• [Task description] Restate exactly, please, each line of the listing from the one with "by (intro sum_propensity_kernel_weight_eq[OF" to the last, including both.

--------------------------------------------------

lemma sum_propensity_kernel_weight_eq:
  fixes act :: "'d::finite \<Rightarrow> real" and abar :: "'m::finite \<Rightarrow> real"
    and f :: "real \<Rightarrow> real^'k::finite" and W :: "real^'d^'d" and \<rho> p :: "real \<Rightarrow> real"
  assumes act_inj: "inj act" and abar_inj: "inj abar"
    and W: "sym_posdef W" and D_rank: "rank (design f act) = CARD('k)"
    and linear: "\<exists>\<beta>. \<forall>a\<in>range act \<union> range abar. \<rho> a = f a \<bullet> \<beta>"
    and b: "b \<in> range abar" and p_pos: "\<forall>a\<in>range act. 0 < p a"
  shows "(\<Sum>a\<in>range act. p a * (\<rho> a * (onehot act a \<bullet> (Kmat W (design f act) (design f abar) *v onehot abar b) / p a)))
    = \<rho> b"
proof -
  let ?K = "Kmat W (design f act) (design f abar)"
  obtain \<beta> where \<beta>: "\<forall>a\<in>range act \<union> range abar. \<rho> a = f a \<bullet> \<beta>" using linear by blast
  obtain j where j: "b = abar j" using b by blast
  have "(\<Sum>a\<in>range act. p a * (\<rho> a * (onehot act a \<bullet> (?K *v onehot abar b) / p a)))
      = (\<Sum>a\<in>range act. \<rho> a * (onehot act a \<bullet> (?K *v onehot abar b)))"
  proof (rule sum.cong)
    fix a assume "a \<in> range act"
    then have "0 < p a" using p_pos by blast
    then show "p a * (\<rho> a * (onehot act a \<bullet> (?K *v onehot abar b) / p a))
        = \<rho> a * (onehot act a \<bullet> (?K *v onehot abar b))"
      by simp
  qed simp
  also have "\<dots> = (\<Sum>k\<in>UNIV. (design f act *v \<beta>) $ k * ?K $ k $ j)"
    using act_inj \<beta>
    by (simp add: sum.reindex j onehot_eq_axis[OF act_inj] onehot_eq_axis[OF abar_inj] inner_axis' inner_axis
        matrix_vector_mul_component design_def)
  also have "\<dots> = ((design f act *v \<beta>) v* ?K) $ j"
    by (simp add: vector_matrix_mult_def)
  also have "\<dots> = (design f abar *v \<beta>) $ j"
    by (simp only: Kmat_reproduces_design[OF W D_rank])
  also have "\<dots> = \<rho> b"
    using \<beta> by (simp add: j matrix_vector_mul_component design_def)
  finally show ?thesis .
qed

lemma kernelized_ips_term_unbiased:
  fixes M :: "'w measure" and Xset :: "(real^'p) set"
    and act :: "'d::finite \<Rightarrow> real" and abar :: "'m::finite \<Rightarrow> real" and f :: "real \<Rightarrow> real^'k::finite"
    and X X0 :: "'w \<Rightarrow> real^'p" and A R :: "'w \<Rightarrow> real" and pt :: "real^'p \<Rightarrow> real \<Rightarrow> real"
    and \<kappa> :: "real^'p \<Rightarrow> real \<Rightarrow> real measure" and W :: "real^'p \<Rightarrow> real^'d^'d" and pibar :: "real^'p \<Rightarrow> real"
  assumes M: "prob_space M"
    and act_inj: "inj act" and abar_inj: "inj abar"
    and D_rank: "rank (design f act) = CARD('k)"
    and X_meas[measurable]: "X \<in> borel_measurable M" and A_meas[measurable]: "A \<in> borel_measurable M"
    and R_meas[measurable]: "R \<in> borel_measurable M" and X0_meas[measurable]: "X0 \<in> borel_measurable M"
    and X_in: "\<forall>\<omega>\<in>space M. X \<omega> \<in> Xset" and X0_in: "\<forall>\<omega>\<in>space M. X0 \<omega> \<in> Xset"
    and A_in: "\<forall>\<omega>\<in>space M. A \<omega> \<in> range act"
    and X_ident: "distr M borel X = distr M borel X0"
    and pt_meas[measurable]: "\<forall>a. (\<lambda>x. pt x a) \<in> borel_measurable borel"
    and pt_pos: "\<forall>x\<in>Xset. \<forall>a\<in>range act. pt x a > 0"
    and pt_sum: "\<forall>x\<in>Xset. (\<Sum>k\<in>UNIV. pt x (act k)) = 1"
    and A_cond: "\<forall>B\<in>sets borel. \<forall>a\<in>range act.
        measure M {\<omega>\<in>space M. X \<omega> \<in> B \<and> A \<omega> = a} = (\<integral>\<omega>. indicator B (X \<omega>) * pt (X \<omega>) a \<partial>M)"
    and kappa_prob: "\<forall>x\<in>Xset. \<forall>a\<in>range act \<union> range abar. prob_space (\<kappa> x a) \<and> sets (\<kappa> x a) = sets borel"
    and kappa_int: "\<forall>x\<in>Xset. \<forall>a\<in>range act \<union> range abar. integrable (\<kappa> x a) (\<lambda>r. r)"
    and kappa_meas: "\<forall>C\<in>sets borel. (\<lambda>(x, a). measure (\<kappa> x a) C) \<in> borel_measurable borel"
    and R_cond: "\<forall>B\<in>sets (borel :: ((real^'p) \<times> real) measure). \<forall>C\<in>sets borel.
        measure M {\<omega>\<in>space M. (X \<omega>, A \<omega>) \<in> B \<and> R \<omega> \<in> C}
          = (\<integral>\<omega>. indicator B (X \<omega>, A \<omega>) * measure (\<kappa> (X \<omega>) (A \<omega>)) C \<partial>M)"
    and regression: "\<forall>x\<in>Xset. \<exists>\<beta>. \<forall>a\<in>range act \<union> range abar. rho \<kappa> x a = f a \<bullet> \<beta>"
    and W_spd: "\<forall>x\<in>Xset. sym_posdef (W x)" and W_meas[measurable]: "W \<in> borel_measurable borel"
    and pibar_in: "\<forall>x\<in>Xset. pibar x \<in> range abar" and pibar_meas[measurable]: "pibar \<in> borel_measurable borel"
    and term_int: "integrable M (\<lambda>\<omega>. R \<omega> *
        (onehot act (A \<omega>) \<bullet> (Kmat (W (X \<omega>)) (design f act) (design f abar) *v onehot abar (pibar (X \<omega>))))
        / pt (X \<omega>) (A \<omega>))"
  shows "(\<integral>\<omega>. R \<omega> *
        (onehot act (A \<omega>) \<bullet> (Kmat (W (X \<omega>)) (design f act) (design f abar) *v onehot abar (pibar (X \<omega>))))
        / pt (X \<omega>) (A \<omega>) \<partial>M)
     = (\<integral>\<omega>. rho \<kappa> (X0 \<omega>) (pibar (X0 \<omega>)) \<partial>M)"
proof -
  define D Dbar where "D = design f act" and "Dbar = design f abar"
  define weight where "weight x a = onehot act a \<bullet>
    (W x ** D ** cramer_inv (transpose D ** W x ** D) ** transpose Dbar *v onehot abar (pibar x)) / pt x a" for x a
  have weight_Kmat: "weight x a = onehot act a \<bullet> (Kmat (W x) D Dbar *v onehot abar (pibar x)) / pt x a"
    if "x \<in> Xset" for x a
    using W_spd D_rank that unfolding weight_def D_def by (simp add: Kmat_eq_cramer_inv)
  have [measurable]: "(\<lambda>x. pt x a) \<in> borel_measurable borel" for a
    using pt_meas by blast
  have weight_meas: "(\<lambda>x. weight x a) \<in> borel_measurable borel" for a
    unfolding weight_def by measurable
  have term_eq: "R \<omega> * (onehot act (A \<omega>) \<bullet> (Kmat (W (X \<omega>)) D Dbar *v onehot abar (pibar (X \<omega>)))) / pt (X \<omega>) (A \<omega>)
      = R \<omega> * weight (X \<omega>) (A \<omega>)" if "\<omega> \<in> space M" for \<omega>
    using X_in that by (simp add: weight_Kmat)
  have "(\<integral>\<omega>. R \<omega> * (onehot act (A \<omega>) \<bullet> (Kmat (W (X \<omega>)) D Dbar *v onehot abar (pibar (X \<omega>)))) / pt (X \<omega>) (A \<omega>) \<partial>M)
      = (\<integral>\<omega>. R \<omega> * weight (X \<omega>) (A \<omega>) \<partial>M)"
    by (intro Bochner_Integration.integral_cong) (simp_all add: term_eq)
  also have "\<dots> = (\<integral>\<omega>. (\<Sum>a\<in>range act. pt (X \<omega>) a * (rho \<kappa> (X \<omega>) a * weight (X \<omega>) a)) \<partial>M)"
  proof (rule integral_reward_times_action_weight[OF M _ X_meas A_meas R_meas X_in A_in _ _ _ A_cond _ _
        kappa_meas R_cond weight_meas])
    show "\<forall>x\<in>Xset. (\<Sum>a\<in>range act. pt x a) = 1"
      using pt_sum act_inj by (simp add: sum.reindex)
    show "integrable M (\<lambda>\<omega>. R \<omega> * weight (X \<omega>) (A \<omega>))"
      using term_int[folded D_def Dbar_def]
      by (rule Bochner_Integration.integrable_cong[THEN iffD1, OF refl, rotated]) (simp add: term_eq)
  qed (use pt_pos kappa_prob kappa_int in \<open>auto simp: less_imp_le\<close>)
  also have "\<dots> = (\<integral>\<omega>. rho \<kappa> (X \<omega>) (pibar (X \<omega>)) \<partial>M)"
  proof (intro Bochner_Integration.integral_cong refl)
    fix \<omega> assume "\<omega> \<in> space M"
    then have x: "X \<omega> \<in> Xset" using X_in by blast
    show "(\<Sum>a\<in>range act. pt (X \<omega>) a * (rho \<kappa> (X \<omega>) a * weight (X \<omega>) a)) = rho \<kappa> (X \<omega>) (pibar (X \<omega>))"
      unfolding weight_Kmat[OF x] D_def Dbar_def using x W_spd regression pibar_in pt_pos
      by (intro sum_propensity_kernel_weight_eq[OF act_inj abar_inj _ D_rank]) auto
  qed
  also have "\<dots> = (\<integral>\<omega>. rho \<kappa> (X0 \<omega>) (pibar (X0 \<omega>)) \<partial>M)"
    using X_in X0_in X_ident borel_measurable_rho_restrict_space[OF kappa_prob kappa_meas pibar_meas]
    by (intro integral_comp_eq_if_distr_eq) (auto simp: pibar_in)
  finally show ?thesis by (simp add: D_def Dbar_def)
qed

--------------------------------------------------

• [Written response]
      by (intro sum_propensity_kernel_weight_eq[OF act_inj abar_inj _ D_rank]) auto
  qed
  also have "\<dots> = (\<integral>\<omega>. rho \<kappa> (X0 \<omega>) (pibar (X0 \<omega>)) \<partial>M)"
    using X_in X0_in X_ident borel_measurable_rho_restrict_space[OF kappa_prob kappa_meas pibar_meas]
    by (intro integral_comp_eq_if_distr_eq) (auto simp: pibar_in)
  finally show ?thesis by (simp add: D_def Dbar_def)
qed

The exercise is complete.